West Tennessee Haiti Partnership

Why I go to Haiti

I was talking to a friend of mine the other day and was asked why I go to Haiti? The honest answer is there is no one reason why.  It’s a lot of things that make up an experience that for me is life changing and indeed nurturing.  I always return feeling both physically and emotionally drained and this trip was no exception.  But I always come back from the trip with a new found closeness with my faith too.  It’s like after receiving communion, but for me it last far longer and is much more intense.   As my friend Susan says, “It’s a God thing” and for me it’s a tangible feeling of wonder and fulfillment that can best be felt through one’s heart and soul.  It seems to lose both meaning and depth when attempting to express it in words.
It’s the sureness I felt that there is indeed a God while I was standing on the rubble of Saint Vincent’s and coming to the realization that under my very feet are six children’s bodies.  After the first wave of sadness hit me,  I cried out in my mind “Oh my God!”, then it hit me……you are such a fool, our God has already taken their souls and they are being hugged by Jesus and are running and jumping and laughing   as they so richly deserve. There is no doubt in my heart that crippled, orphaned, handicapped children  have taught me the very meaning and depth of faith and have shown me the power of the Holy Spirit in there loving smiles.  If they aren’t in God’s embrace, then I can quit right here and now because there is no hope for me to ever make it to heaven.  With that I was standing there and was filled with hope.  I had a new hope for a brighter future that the hundreds of handicapped children in Haiti may finally have a school without stairs, but rather one with ramps, elevators and even bathrooms to handle wheel chairs. We can come together, and with God’s help, make a school that can actually help the children learn to overcome their handicaps. They have the faith and love in abundance, they just need the chance.  With God’s help and ours, we can make a difference in their lives.
The amazing thing for me is the children.  They are the same as they were before the earthquake.  They can still melt your heart with a smile and are full of love, caring and compassion.  They share everything with each other.  There is almost no evidence of me and mine there.  If you give a child a cookie, they will say thank you even before taking it, they break it in half and call a friend over to share it. A tennis ball will be cherished by a boy for days.   I actually watched one boy wash himself in the morning then wash the ball, so that it stayed new and clean and yes he dried the ball with the towel before he dried himself.
We experienced more of the true Haiti this trip, no air conditioning or ice and no electricity after midnight.  My heart goes out to all the people that live in the tent city.  It is so hot in there I can’t imagine being there day in and day out.  The saddest thing for me is it may very well be years before they can have housing that is affordable and better.  Yet they are happy and go on with their life and their faith as strong as ever.  I can’t help but wonder how different it might be if we were in USA?
We saw a body lying on the street and the people just kept on doing their own thing.  No one seemed to notice. This troubled me, but later I came to the realization that there were over 300,000 bodies lying in the streets after the earth quake.
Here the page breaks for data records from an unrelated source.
text \<open>Binary words are \<open>bool list\<close>; bit 0 is False, bit 1 is True.
 A code tree for the alphabet (a finite type 's) is a map c :: 's \<Rightarrow> bool list,
 prefix-free, with all codewords of length at least 1.  The bit \<open>rb\<close> marks the
 right subtree of the root: S_R = {s. hd (c s) = rb}, S_L = its complement.\<close>

definition code_tree :: "('s \<Rightarrow> bool list) \<Rightarrow> bool" where
  "code_tree c \<longleftrightarrow> (\<forall>s. length (c s) \<ge> 1) \<and>
     (\<forall>s t. s \<noteq> t \<longrightarrow> \<not> prefix (c s) (c t))"

definition S_R :: "('s \<Rightarrow> bool list) \<Rightarrow> bool \<Rightarrow> 's set" where
  "S_R c rb = {s. hd (c s) = rb}"

definition S_L :: "('s \<Rightarrow> bool list) \<Rightarrow> bool \<Rightarrow> 's set" where
  "S_L c rb = {s. hd (c s) \<noteq> rb}"

definition P_R :: "('s::finite \<Rightarrow> real) \<Rightarrow> ('s \<Rightarrow> bool list) \<Rightarrow> bool \<Rightarrow> real" where
  "P_R p c rb = (\<Sum>s\<in>S_R c rb. p s)"

definition L_T :: "('s::finite \<Rightarrow> real) \<Rightarrow> ('s \<Rightarrow> bool list) \<Rightarrow> real" where
  "L_T p c = (\<Sum>s\<in>UNIV. p s * real (length (c s)))"

definition kN :: "nat \<Rightarrow> nat" where
  "kN N = nat \<lceil>log 2 (real N)\<rceil>"

definition admissible_pi :: "nat \<Rightarrow> (nat \<Rightarrow> bool list) \<Rightarrow> bool" where
  "admissible_pi N \<pi> \<longleftrightarrow>
     (\<forall>i\<in>{1..N}. \<forall>j\<in>{1..N}. i \<noteq> j \<longrightarrow> \<not> prefix (\<pi> i) (\<pi> j)) \<and>
     (\<forall>j\<in>{1..N}. length (\<pi> j) = (if j \<le> 2 ^ kN N - N then kN N - 1 else kN N))"

text \<open>Type-I AEDS on states alpha_1..alpha_N, represented by the indices 1..N.\<close>
definition typeI_E :: "nat \<Rightarrow> (nat \<Rightarrow> bool list) \<Rightarrow> ('s \<Rightarrow> bool list) \<Rightarrow> bool
    \<Rightarrow> nat \<Rightarrow> 's \<Rightarrow> bool list" where
  "typeI_E N \<pi> c rb j s =
     (if s \<in> S_R c rb then (if j < N then tl (c s) else False # tl (c s))
      else True # \<pi> j @ tl (c s))"

definition typeI_F :: "nat \<Rightarrow> ('s \<Rightarrow> bool list) \<Rightarrow> bool \<Rightarrow> nat \<Rightarrow> 's \<Rightarrow> nat" where
  "typeI_F N c rb j s =
     (if s \<in> S_R c rb then (if j < N then j + 1 else 1) else 1)"

text \<open>Stationary distribution of the state chain (moving from x to F x s with prob. p s).\<close>
definition stationary :: "nat \<Rightarrow> ('s::finite \<Rightarrow> real) \<Rightarrow> (nat \<Rightarrow> 's \<Rightarrow> nat)
    \<Rightarrow> (nat \<Rightarrow> real) \<Rightarrow> bool" where
  "stationary N p F Q \<longleftrightarrow>
     (\<forall>x\<in>{1..N}. Q x \<ge> 0) \<and> (\<Sum>x=1..N. Q x) = 1 \<and>
     (\<forall>y\<in>{1..N}. Q y = (\<Sum>x=1..N. Q x * (\<Sum>s\<in>{s. F x s = y}. p s)))"

definition avg_len :: "nat \<Rightarrow> ('s::finite \<Rightarrow> real) \<Rightarrow> (nat \<Rightarrow> 's \<Rightarrow> bool list)
    \<Rightarrow> (nat \<Rightarrow> real) \<Rightarrow> real" where
  "avg_len N p E Q = (\<Sum>x=1..N. \<Sum>s\<in>UNIV. p s * Q x * real (length (E x s)))"

end

theory Submission
  imports Defs
begin

text \<open>From a state \<open>\<alpha>\<^sub>j\<close> with \<open>j < N\<close> a symbol of \<open>S\<^sub>R\<close> costs one bit less than in \<open>T\<close>,
  while from any state \<open>\<alpha>\<^sub>j\<close> a symbol of \<open>S\<^sub>L\<close> costs \<open>l(\<pi>\<^sub>j)\<close> bits more. Hence
  \<open>L\<^sub>T - L = P\<^sub>R Q(\<alpha>\<^sub>1..\<alpha>\<^sub>N\<^sub>-\<^sub>1) - P\<^sub>L \<Sum>\<^sub>j Q(\<alpha>\<^sub>j) l(\<pi>\<^sub>j)\<close>.
  The state chain advances \<open>\<alpha>\<^sub>j \<rightarrow> \<alpha>\<^sub>j\<^sub>+\<^sub>1\<close> with probability \<open>P\<^sub>R\<close> and otherwise returns to
  \<open>\<alpha>\<^sub>1\<close>, so its stationary distribution is geometric, \<open>Q(\<alpha>\<^sub>j) \<propto> P\<^sub>R\<^sup>j\<^sup>-\<^sup>1\<close>, and both
  sums become partial geometric sums: the second one is \<open>k - Q(\<alpha>\<^sub>1..\<alpha>\<^sub>M)\<close> with
  \<open>M = 2\<^sup>k - N\<close>, because exactly the first \<open>M\<close> words \<open>\<pi>\<^sub>j\<close> are one bit shorter than \<open>k\<close>.\<close>

lemma kN_2: "kN 2 = 1"
  by (simp add: kN_def)
lemma potential_le:
  "k \<le> K \<Longrightarrow> (norm (x k - xs))\<^sup>2 + 2 * accel_A lam k * (g (y k) - g xs) \<le> (potential_radius k)\<^sup>2"
proof (induction k)
  case (Suc k)
  then have "0 \<le> (1 - \<sigma>) * (accel_A lam (Suc k) / lam (Suc k)) * (norm (y (Suc k) - accel_xtilde lam x y k))\<^sup>2"
    using sigma_less_one A_nonneg[of "Suc k"] lam_pos[of "Suc k"] by simp
  with potential_step[of k] Suc show ?case
    by simp
qed (simp add: potential_radius_def x_0)

lemma dist_x_le:
  assumes "k \<le> K"
  shows "norm (x k - xs) \<le> potential_radius K"
proof -
  have "(norm (x k - xs))\<^sup>2 \<le> (potential_radius k)\<^sup>2"
    using potential_le[OF assms] weighted_gap_nonneg[OF assms] by linarith
  then have "norm (x k - xs) \<le> potential_radius k"
    using potential_radius_nonneg[OF assms] by (rule power2_le_imp_le)
  also have "\<dots> \<le> potential_radius K"
    using assms by (rule potential_radius_le)
  finally show ?thesis .
qed
(* Let $Y$, $X$ be real random variables and $\boldsymbol{Z}=(Z_1,\ldots,Z_{k_z})^T$ a random $k_z$-vector, with finite second moments and known joint distribution, satisfying $$Y=X\beta+\boldsymbol{Z}^T\boldsymbol{\gamma}+U,\qquad \operatorname{cov}(\boldsymbol{Z},U)=\boldsymbol{\alpha},$$ where $\beta\in\mathbb{R}$ is unknown, $\boldsymbol{\gamma},\boldsymbol{\alpha}\in\mathbb{R}^{k_z}$ are unknown and $U$ is an unobserved random variable. Assume: (1) (relevance) $\operatorname{cov}(\boldsymbol{Z},X)\neq\boldsymbol{0}$; (2) (sufficient variation) $\boldsymbol{\Sigma}_z:=\operatorname{var}(\boldsymbol{Z})$ is invertible; (3) (invalid instruments) $\gamma_\ell\alpha_\ell=0$ for every $\ell\in\{1,\ldots,k_z\}$; (4) (general partial exogeneity and exclusion) there are known constants $\tilde\delta_j\geq 0$, $j=1,\ldots,s_{k_z}$, such that $\left|(\operatorname{var}(\tilde Z_j))^{-1}\operatorname{cov}(\tilde Z_j,\tilde U)\right|\leq\tilde\delta_j$ for all $j$, where $\tilde U:=Y-X\beta=\boldsymbol{Z}^T\boldsymbol{\gamma}+U$ and $\tilde Z_j$ are the transformed instruments defined in the context. Then: (i) The falsification adaptive set is $$FAS=\left[\min_{j\in\tilde{\mathcal{L}}_{rel}}\frac{\tilde\psi_j}{\tilde\pi_j},\ \max_{j\in\tilde{\mathcal{L}}_{rel}}\frac{\tilde\psi_j}{\tilde\pi_j}\right],$$ where $\tilde{\mathcal{L}}_{rel}=\{j\in\{1,\ldots,s_{k_z}\}:\tilde\pi_j\neq 0\}$ and $s_{k_z}=k_z2^{k_z-1}$ is the number of all just-identified IV model specifications. (ii) If there is at least one instrument that is relevant and valid, then $\beta\in FAS$, so that $FAS$ is the identified set for $\beta$.
   Context: Transformed just-identifying instruments: for $\ell\in\{1,\ldots,k_z\}$ let $A_{-\ell}=\{1,\ldots,k_z\}\setminus\{\ell\}$ and let $C$ range over all $2^{k_z-1}$ subsets of $A_{-\ell}$ (including $\emptyset$ and $A_{-\ell}$). Define the population linear projection error $Z_{\ell|C}:=Z_\ell-\boldsymbol{Z}_C^T\boldsymbol{\phi}_{C\ell}$, where $\boldsymbol{\phi}_{C\ell}=(\operatorname{var}(\boldsymbol{Z}_C))^{-1}\operatorname{cov}(\boldsymbol{Z}_C,Z_\ell)$ (with $Z_{\ell|\emptyset}=Z_\ell$); it is the just-identifying instrument in the specification where $\boldsymbol{Z}_C$ are included as controls and $\boldsymbol{Z}_{A_{-\ell}\setminus C}$ are omitted. Enumerating all pairs $(\ell,C)$ gives $s_{k_z}=k_z2^{k_z-1}$ variables $\tilde Z_1,\ldots,\tilde Z_{s_{k_z}}$. Set $\tilde\pi_j=(\operatorname{var}(\tilde Z_j))^{-1}\operatorname{cov}(\tilde Z_j,X)$ and $\tilde\psi_j=(\operatorname{var}(\tilde Z_j))^{-1}\operatorname{cov}(\tilde Z_j,Y)$; $\tilde Z_j$ is called relevant if $\tilde\pi_j\neq0$. Identified set: for $\tilde{\boldsymbol{\delta}}\in\mathbb{R}^{s_{k_z}}_{\geq0}$, $\mathcal{B}(\tilde{\boldsymbol{\delta}})=\{b\in\mathbb{R}:-\tilde{\boldsymbol{\delta}}\leq\tilde{\boldsymbol{\psi}}-\tilde{\boldsymbol{\pi}}b\leq\tilde{\boldsymbol{\delta}}\}$ (componentwise). The falsification frontier $FF$ is the set of $\tilde{\boldsymbol{\delta}}\geq0$ with $\mathcal{B}(\tilde{\boldsymbol{\delta}})\neq\emptyset$ but $\mathcal{B}(\tilde{\boldsymbol{\delta}}')=\emptyset$ for every $\tilde{\boldsymbol{\delta}}'<\tilde{\boldsymbol{\delta}}$, where $\tilde{\boldsymbol{\delta}}'<\tilde{\boldsymbol{\delta}}$ means $\tilde\delta'_j\leq\tilde\delta_j$ for all $j$ with strict inequality for some $j$. The falsification adaptive set is $FAS=\bigcup_{\tilde{\boldsymbol{\delta}}\in FF}\mathcal{B}(\tilde{\boldsymbol{\delta}})$. An instrument $Z_\ell$ is valid if $\alpha_\ell=\gamma_\ell=0$. A valid instrument $Z_\ell$ is relevant here if its associated transformed just-identifying instrument $Z_{\ell|C}$, with $C=\{r\neq\ell:\gamma_r\neq0\}$ (the instruments violating exclusion included as controls and those violating exogeneity omitted), satisfies $\operatorname{cov}(Z_{\ell|C},X)\neq 0$. *)

theory Defs
  imports "HOL-Probability.Probability"
begin

definition covar :: "'a measure \<Rightarrow> ('a \<Rightarrow> real) \<Rightarrow> ('a \<Rightarrow> real) \<Rightarrow> real" where
  "covar M V W = (\<integral>\<omega>. (V \<omega> - (\<integral>\<omega>'. V \<omega>' \<partial>M)) * (W \<omega> - (\<integral>\<omega>'. W \<omega>' \<partial>M)) \<partial>M)"

definition var :: "'a measure \<Rightarrow> ('a \<Rightarrow> real) \<Rightarrow> real" where
  "var M V = covar M V V"

definition finite_second_moment :: "'a measure \<Rightarrow> ('a \<Rightarrow> real) \<Rightarrow> bool" where
  "finite_second_moment M V \<longleftrightarrow> V \<in> borel_measurable M \<and> integrable M (\<lambda>\<omega>. (V \<omega>)\<^sup>2)"

text \<open>Population projection coefficient phi_{C l} = var(Z_C)^{-1} cov(Z_C, Z_l), i.e. the
  solution of the normal equations var(Z_C) phi = cov(Z_C, Z_l) (zero outside C).\<close>
definition proj_coef :: "'a measure \<Rightarrow> ('k \<Rightarrow> 'a \<Rightarrow> real) \<Rightarrow> 'k set \<Rightarrow> 'k \<Rightarrow> ('k \<Rightarrow> real)" where
  "proj_coef M Z C l = (THE c. (\<forall>r\<in>C. (\<Sum>s\<in>C. covar M (Z r) (Z s) * c s) = covar M (Z r) (Z l))
                             \<and> (\<forall>s. s \<notin> C \<longrightarrow> c s = 0))"

definition Ztilde :: "'a measure \<Rightarrow> ('k \<Rightarrow> 'a \<Rightarrow> real) \<Rightarrow> 'k \<times> 'k set \<Rightarrow> 'a \<Rightarrow> real" where
  "Ztilde M Z lC \<omega> = Z (fst lC) \<omega> - (\<Sum>s\<in>snd lC. Z s \<omega> * proj_coef M Z (snd lC) (fst lC) s)"

definition spec_index :: "('k::finite \<times> 'k set) set" where
  "spec_index = {(l, C). C \<subseteq> UNIV - {l}}"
That is a mind-boggling!  Yes, we experienced a short week of what it is like being Haitian, but we are now in our homes with all of our loved ones.  We are enjoying the AC   and in my kitchen I can feed multiple families. Why do I feel that the people in Haiti living in the tent city have a deeper and better understanding of faith and God’s love and hope?  Those that have nothing   teach me I have everything and more.  THANKS BE TO GOD.